Railway station in Kashiwa, Chiba Prefecture, Japan

Sakasai Station (逆井駅, Sakasai-eki) is a passenger railway station in the city of Kashiwa, Chiba, Japan, operated by the private railway operator Tōbu Railway. The station is numbered "TD-27".

==Lines==
Sakasai Station is served by Tobu Urban Park Line (also known as the Tōbu Noda Line) and lies 48.0 km from the western terminus of the line at Ōmiya Station.

==Station layout==
The station consists of two opposed side platforms serving two tracks, with an elevated station house.

===Platforms===

| 1 | ■ Tobu Urban Park Line | For Mutsumi,Shin-Kamagaya Funabashi |
| 2 | ■ Tobu Urban Park Line | For Kashiwa, Nodashi, Kasukabe, Ōmiya |

==History==
Sakasai Station was opened on 29 July 1933 as a signal stop on the Sobu Railways.

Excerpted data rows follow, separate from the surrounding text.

(* Assume $X$ is a semimartingale. Define the predictable set $$\Gamma^-:=\{(\omega,t,x): t<\tau(\omega),\ X_{t-}(\omega)=b(t),\ x<0\}.$$ If $\mathbf 1_{\Gamma^-}*\nu^X\equiv0$, then (almost surely) for every finite $t\ge0$, $\sup_{0\le s\le t}Y_s<0$ on $\{\tau>t\}$.
   Context: Let $(\Omega,\mathcal F,\mathbb F=(\mathcal F_t)_{t\ge0},\mathbb P)$ be a filtered probability space satisfying the usual conditions. Let $X$ be a real-valued $\mathbb F$-semimartingale (càdlàg) and $b:[0,\infty)\to\mathbb R$ a continuous deterministic function, with $X_0<b(0)$ identically. $X_{t-}$ denotes the left limit. Let $\mu^X(dt,dx):=\sum_{s>0:\Delta X_s\ne0}\delta_{(s,\Delta X_s)}(dt,dx)$ be the jump measure of $X$ and $\nu^X$ its predictable compensator. For a function $W\ge0$ on $\Omega\times[0,\infty)\times\mathbb R$, $(W*\mu)_t:=\int_0^t\int_{\mathbb R}W(s,x)\,\mu(ds,dx)$; "$\equiv0$" means identically zero up to evanescence. Set $Y_t:=X_t-b(t)$ and $\tau:=\inf\{t\ge0:Y_t\ge0\}$ ($\inf\emptyset=\infty$). *)

theory Defs
  imports "HOL-Probability.Probability"
begin

definition usual_filtration :: "'a measure \<Rightarrow> (real \<Rightarrow> 'a measure) \<Rightarrow> bool" where
  "usual_filtration M F \<longleftrightarrow> prob_space M
     \<and> (\<forall>t\<ge>0. space (F t) = space M \<and> sets (F t) \<subseteq> sets M)
     \<and> (\<forall>s t. 0 \<le> s \<longrightarrow> s \<le> t \<longrightarrow> sets (F s) \<subseteq> sets (F t))
     \<and> (\<forall>t\<ge>0. sets (F t) = (\<Inter>s\<in>{t<..}. sets (F s)))
     \<and> (\<forall>N\<in>null_sets M. \<forall>A. A \<subseteq> N \<longrightarrow> A \<in> sets (F 0))"

definition cadlag :: "(real \<Rightarrow> real) \<Rightarrow> bool" where
  "cadlag f \<longleftrightarrow> (\<forall>t\<ge>0. continuous (at_right t) f) \<and> (\<forall>t>0. \<exists>l. (f \<longlongrightarrow> l) (at_left t))"

text \<open>Left limit, with the usual convention f(0-) = f(0).\<close>
definition left_lim :: "(real \<Rightarrow> real) \<Rightarrow> real \<Rightarrow> real" where
  "left_lim f t = (if t \<le> 0 then f 0 else Lim (at_left t) f)"
text \<open>The geometric frame {x,y,n1,n2} with invariants nu, mu, gamma1, gamma2, beta1, beta2,
  where x = z_u/sqrt E and y = z_v/sqrt G (semi-canonical parameters).\<close>
definition geometric_frame ::
  "(real \<times> real) set \<Rightarrow> (real \<times> real \<Rightarrow> vec4) \<Rightarrow> (real \<times> real \<Rightarrow> vec4) \<Rightarrow> (real \<times> real \<Rightarrow> vec4)
   \<Rightarrow> (real \<times> real \<Rightarrow> real) \<Rightarrow> (real \<times> real \<Rightarrow> real) \<Rightarrow> (real \<times> real \<Rightarrow> real)
   \<Rightarrow> (real \<times> real \<Rightarrow> real) \<Rightarrow> (real \<times> real \<Rightarrow> real) \<Rightarrow> (real \<times> real \<Rightarrow> real) \<Rightarrow> bool" where
  "geometric_frame U z n1 n2 \<nu> \<mu> \<gamma>1 \<gamma>2 \<beta>1 \<beta>2 \<longleftrightarrow>
    smooth_on U n1 \<and> smooth_on U n2 \<and>
    smooth_on U \<nu> \<and> smooth_on U \<mu> \<and> smooth_on U \<gamma>1 \<and> smooth_on U \<gamma>2 \<and>
    smooth_on U \<beta>1 \<and> smooth_on U \<beta>2 \<and>
    (\<forall>p\<in>U. let x = xu z; y = yv z in
       pos_orthonormal (x p) (y p) (n1 p) (n2 p) \<and>
       Dx z x p = \<gamma>1 p *\<^sub>R y p + \<nu> p *\<^sub>R n1 p \<and>
       Dx z y p = - \<gamma>1 p *\<^sub>R x p + \<mu> p *\<^sub>R n2 p \<and>
       Dy z x p = - \<gamma>2 p *\<^sub>R y p + \<mu> p *\<^sub>R n2 p \<and>
       Dy z y p = \<gamma>2 p *\<^sub>R x p - \<nu> p *\<^sub>R n1 p \<and>
       Dx z n1 p = - \<nu> p *\<^sub>R x p + \<beta>1 p *\<^sub>R n2 p \<and>
       Dy z n1 p = \<nu> p *\<^sub>R y p + \<beta>2 p *\<^sub>R n2 p \<and>
       Dx z n2 p = - \<mu> p *\<^sub>R y p - \<beta>1 p *\<^sub>R n1 p \<and>
       Dy z n2 p = - \<mu> p *\<^sub>R x p - \<beta>2 p *\<^sub>R n1 p \<and>
       \<mu> p > 0 \<and> \<nu> p \<noteq> 0 \<and> (\<mu> p)^2 \<noteq> (\<nu> p)^2)"

end

theory Submission imports Defs begin

(* For semi-canonical (orthogonal) parameters the frame equations say that the
   second derivatives of z have prescribed normal parts:  z_uu.n2 = 0,  z_uv.n2 = sqrt(EG) mu,
   z_uv.n1 = 0,  z_vv.n1 = -G nu.  Differentiating the two identities for z_uv.n2 and z_vv.n1
   with respect to u, using symmetry of mixed partial derivatives and the derivatives of the
   normals prescribed by the frame, yields the Codazzi-type formulas
       mu_u = sqrt E beta2 nu - mu G_u / G,       nu_u = sqrt E beta2 mu - nu G_u / G,
   from which  (G^2 (mu^2 - nu^2))_u = 0.  On the rectangle U this function is therefore
   constant along every u-line, and G sqrt|mu^2 - nu^2| is its square root.
   The computation only uses the frame equations in orthogonal parameters: minimality, the
   general-type condition and gamma1 = 0 are hypotheses of the theorem not needed for it. *)

subsection \<open>Partial derivatives of smooth functions\<close>

lemma dpart_pu: "dpart bs (pu f) = dpart (bs @ [True]) f"
  by (induction bs) auto

lemma dpart_pv: "dpart bs (pv f) = dpart (bs @ [False]) f"
  by (induction bs) auto

lemma smooth_on_pu: "smooth_on U f \<Longrightarrow> smooth_on U (pu f)"
  unfolding smooth_on_def dpart_pu by blast

lemma smooth_on_pv: "smooth_on U f \<Longrightarrow> smooth_on U (pv f)"
  unfolding smooth_on_def dpart_pv by blast

lemma smooth_on_continuous: "smooth_on U f \<Longrightarrow> continuous_on U f"
  unfolding smooth_on_def by (metis dpart.simps(1))

lemma smooth_on_has_pu:
  "smooth_on U f \<Longrightarrow> (u, v) \<in> U \<Longrightarrow> ((\<lambda>t. f (t, v)) has_vector_derivative pu f (u, v)) (at u)"
  unfolding smooth_on_def pu_def by (metis dpart.simps(1) vector_derivative_works fst_conv snd_conv)

lemma smooth_on_has_pv:
  "smooth_on U f \<Longrightarrow> (u, v) \<in> U \<Longrightarrow> ((\<lambda>t. f (u, t)) has_vector_derivative pv f (u, v)) (at v)"
  unfolding smooth_on_def pv_def by (metis dpart.simps(1) vector_derivative_works fst_conv snd_conv)

lemma smooth_on_has_real_pu:
  fixes f :: "real \<times> real \<Rightarrow> real"
  shows "smooth_on U f \<Longrightarrow> (u, v) \<in> U \<Longrightarrow> ((\<lambda>t. f (t, v)) has_real_derivative pu f (u, v)) (at u)"
  using smooth_on_has_pu by (simp add: has_real_derivative_iff_has_vector_derivative)

lemma pu_eqI:
  fixes f :: "real \<times> real \<Rightarrow> real"
  shows "((\<lambda>t. f (t, v)) has_real_derivative D) (at u) \<Longrightarrow> pu f (u, v) = D"
  by (simp add: pu_def has_real_derivative_iff_has_vector_derivative vector_derivative_at)

lemma pv_eqI:
  fixes f :: "real \<times> real \<Rightarrow> real"
  shows "((\<lambda>t. f (u, t)) has_real_derivative D) (at v) \<Longrightarrow> pv f (u, v) = D"
  by (simp add: pv_def has_real_derivative_iff_has_vector_derivative vector_derivative_at)

text \<open>Partial derivatives are local: functions agreeing on an open set have the same partial
  derivatives there (no differentiability is needed, since both sides are defined by choice from
  the same local property).\<close>

lemma vector_derivative_cong_open:
  assumes "open S" "x \<in> S" "\<And>y. y \<in> S \<Longrightarrow> f y = g y"
  shows "vector_derivative f (at x) = vector_derivative g (at x)"
proof -
  have "(f has_vector_derivative D) (at x) \<longleftrightarrow> (g has_vector_derivative D) (at x)" for D
    using assms has_vector_derivative_transform_within_open[of _ D x S] by metis
  then show ?thesis unfolding vector_derivative_def by simp
qed

lemma pu_cong_open:
  assumes "open U" "p \<in> U" "\<And>q. q \<in> U \<Longrightarrow> f q = g q"
  shows "pu f p = pu g p"
proof -
  have "open {t. (t, snd p) \<in> U}"
    using assms(1) by (intro open_vimage[where f = "\<lambda>t. (t, snd p)", unfolded vimage_def])
       (auto intro!: continuous_intros)
  then show ?thesis
    unfolding pu_def using assms by (intro vector_derivative_cong_open) auto
qed

lemma pv_cong_open:
  assumes "open U" "p \<in> U" "\<And>q. q \<in> U \<Longrightarrow> f q = g q"
  shows "pv f p = pv g p"
proof -
  have "open {t. (fst p, t) \<in> U}"
    using assms(1) by (intro open_vimage[where f = "\<lambda>t. (fst p, t)", unfolded vimage_def])
       (auto intro!: continuous_intros)
  then show ?thesis
    unfolding pv_def using assms by (intro vector_derivative_cong_open) auto
qed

It was elevated to a full station in 1949. The current station building was completed in 1985. From 17 March 2012, station numbering was introduced on all Tobu lines, with Sakasai Station becoming "TD-27".

==Passenger statistics==
In fiscal 2019, the station was used by an average of 14,131 passengers daily.